When the line containing "A^p is absolutely" appears in the data below, begin copying there and stop only after the line containing "x - x\<bar>".

[Provided entries Boundary: Start]

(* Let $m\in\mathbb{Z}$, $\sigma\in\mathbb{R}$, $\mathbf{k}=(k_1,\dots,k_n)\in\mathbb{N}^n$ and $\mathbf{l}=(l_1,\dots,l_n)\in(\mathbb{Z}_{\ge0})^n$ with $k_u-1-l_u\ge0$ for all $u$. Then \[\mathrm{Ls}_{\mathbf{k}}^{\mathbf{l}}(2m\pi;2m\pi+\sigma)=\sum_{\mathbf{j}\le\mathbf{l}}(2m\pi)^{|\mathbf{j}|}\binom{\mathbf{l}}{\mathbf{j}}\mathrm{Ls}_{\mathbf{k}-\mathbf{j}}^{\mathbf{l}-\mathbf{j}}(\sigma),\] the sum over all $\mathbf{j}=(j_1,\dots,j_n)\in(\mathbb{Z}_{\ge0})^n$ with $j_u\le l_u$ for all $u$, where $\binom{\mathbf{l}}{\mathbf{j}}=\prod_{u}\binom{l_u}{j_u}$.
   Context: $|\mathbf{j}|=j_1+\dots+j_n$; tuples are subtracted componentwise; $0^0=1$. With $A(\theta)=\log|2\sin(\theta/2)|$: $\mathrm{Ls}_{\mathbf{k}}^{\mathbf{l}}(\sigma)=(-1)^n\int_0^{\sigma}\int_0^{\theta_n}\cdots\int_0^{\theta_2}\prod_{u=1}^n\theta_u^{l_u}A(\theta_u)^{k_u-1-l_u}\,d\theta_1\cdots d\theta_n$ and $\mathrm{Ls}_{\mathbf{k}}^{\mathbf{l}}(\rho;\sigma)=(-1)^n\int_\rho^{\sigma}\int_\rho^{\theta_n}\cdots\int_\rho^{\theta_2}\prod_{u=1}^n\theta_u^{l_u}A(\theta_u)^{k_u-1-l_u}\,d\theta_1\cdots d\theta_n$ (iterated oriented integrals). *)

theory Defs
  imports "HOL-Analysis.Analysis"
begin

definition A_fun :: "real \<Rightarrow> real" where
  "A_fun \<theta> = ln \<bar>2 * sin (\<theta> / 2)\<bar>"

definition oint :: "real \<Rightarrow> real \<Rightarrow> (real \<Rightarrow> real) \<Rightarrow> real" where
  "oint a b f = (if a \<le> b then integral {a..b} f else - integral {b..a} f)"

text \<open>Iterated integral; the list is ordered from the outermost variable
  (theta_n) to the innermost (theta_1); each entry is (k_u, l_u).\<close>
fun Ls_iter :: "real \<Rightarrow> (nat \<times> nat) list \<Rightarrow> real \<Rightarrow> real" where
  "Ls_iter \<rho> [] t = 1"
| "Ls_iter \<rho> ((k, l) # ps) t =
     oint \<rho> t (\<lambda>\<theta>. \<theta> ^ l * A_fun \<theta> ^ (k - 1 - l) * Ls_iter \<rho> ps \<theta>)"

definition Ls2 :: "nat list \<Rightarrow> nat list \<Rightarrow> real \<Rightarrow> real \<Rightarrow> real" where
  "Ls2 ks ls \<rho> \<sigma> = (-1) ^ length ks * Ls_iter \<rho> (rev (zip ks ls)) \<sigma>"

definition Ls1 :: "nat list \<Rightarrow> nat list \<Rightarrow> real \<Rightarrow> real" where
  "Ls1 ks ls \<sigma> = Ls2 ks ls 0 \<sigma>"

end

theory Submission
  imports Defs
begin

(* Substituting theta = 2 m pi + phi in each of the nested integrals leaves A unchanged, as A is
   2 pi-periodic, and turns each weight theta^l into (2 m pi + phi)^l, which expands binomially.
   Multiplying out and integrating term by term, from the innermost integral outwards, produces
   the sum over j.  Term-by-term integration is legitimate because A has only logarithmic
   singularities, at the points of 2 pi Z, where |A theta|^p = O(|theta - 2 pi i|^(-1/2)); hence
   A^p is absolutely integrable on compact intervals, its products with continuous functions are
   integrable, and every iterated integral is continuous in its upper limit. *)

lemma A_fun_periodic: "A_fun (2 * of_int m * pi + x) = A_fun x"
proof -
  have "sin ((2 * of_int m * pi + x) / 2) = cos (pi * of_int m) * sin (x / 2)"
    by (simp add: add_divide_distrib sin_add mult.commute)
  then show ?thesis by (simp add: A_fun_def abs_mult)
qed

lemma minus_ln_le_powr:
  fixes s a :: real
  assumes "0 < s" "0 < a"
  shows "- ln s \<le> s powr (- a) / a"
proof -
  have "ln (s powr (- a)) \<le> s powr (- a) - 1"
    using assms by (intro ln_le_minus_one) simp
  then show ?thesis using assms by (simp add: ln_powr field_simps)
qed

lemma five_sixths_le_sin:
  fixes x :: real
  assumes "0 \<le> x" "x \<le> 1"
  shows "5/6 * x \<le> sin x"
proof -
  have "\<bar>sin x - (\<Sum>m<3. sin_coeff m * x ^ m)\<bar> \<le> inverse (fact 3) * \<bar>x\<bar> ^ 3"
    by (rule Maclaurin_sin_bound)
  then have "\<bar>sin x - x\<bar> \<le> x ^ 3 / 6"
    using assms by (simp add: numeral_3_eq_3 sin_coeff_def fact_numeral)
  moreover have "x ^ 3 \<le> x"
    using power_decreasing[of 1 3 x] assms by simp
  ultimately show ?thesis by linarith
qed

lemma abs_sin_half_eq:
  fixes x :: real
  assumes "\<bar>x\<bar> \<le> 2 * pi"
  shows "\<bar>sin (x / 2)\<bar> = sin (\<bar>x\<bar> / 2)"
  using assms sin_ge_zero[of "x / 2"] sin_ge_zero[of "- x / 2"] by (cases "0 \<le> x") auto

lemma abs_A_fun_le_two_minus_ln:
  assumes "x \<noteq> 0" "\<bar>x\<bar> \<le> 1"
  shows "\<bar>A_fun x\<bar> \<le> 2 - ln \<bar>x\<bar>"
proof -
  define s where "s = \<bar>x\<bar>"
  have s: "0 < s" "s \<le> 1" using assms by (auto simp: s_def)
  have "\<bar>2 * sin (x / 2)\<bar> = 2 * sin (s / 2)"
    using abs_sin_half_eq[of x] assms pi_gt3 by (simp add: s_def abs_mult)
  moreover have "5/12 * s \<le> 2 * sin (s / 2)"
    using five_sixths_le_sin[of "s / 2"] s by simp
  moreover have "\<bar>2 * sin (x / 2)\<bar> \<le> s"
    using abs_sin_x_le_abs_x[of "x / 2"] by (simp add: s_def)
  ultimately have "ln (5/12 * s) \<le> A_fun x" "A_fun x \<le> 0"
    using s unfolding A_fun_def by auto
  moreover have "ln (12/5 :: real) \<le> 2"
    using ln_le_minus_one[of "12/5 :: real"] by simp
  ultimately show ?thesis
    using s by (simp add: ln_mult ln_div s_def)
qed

[Provided entries Boundary: End]
[Provided entries Boundary: Start]

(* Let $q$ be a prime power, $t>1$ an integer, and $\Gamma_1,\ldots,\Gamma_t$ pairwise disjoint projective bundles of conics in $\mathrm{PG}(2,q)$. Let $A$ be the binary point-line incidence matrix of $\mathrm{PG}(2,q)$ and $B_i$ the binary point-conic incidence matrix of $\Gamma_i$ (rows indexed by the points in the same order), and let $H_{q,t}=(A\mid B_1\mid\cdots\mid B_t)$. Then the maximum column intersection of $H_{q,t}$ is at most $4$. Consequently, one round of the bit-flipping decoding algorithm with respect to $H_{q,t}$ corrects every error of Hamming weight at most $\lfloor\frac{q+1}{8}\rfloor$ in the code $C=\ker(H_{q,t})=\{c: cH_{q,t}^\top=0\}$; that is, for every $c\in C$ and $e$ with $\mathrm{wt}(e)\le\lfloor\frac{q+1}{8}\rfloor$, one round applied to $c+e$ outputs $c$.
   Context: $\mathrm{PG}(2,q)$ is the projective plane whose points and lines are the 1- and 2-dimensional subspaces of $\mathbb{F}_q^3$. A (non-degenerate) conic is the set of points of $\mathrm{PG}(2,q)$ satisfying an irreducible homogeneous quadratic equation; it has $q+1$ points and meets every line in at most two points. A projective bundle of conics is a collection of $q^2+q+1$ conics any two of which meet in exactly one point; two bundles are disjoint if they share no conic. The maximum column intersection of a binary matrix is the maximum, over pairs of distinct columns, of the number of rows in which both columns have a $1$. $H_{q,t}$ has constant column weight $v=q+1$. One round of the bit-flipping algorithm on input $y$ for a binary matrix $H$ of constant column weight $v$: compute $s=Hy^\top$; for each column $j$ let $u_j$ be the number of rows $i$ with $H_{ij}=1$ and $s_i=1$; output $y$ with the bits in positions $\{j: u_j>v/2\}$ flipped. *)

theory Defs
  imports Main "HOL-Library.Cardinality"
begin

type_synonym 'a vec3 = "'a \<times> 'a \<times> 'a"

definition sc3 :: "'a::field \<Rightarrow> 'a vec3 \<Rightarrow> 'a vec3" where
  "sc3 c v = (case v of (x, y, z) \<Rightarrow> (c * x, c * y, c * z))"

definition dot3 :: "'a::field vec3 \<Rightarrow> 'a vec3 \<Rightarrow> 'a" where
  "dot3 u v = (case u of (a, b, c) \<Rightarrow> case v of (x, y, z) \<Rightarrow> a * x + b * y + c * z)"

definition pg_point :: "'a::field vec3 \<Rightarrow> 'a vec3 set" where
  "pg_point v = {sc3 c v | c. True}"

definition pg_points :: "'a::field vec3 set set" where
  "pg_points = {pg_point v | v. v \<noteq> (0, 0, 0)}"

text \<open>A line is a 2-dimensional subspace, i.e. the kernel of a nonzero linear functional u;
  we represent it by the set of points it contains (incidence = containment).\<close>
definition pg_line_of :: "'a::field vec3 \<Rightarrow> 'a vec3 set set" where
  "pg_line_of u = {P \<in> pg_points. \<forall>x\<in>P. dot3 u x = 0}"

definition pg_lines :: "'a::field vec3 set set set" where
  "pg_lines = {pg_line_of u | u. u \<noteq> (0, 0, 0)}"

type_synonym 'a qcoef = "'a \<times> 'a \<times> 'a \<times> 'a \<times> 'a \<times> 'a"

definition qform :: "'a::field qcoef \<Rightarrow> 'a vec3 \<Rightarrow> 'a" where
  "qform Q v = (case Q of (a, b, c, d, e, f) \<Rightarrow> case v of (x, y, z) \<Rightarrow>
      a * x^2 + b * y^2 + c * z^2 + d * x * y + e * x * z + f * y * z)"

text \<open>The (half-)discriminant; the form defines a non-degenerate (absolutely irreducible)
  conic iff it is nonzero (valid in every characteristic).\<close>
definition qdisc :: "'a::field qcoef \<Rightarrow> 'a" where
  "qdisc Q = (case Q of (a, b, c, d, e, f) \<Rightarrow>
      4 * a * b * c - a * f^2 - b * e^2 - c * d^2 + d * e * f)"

[Provided entries Boundary: End]

▶ _Reply to the task_:
   A^p is absolutely integrable on compact intervals, its products with continuous functions are
   integrable, and every iterated integral is continuous in its upper limit. *)

lemma A_fun_periodic: "A_fun (2 * of_int m * pi + x) = A_fun x"
proof -
  have "sin ((2 * of_int m * pi + x) / 2) = cos (pi * of_int m) * sin (x / 2)"
    by (simp add: add_divide_distrib sin_add mult.commute)
  then show ?thesis by (simp add: A_fun_def abs_mult)
qed

lemma minus_ln_le_powr:
  fixes s a :: real
  assumes "0 < s" "0 < a"
  shows "- ln s \<le> s powr (- a) / a"
proof -
  have "ln (s powr (- a)) \<le> s powr (- a) - 1"
    using assms by (intro ln_le_minus_one) simp
  then show ?thesis using assms by (simp add: ln_powr field_simps)
qed

lemma five_sixths_le_sin:
  fixes x :: real
  assumes "0 \<le> x" "x \<le> 1"
  shows "5/6 * x \<le> sin x"
proof -
  have "\<bar>sin x - (\<Sum>m<3. sin_coeff m * x ^ m)\<bar> \<le> inverse (fact 3) * \<bar>x\<bar> ^ 3"
    by (rule Maclaurin_sin_bound)
  then have "\<bar>sin x - x\<bar> \<le> x ^ 3 / 6"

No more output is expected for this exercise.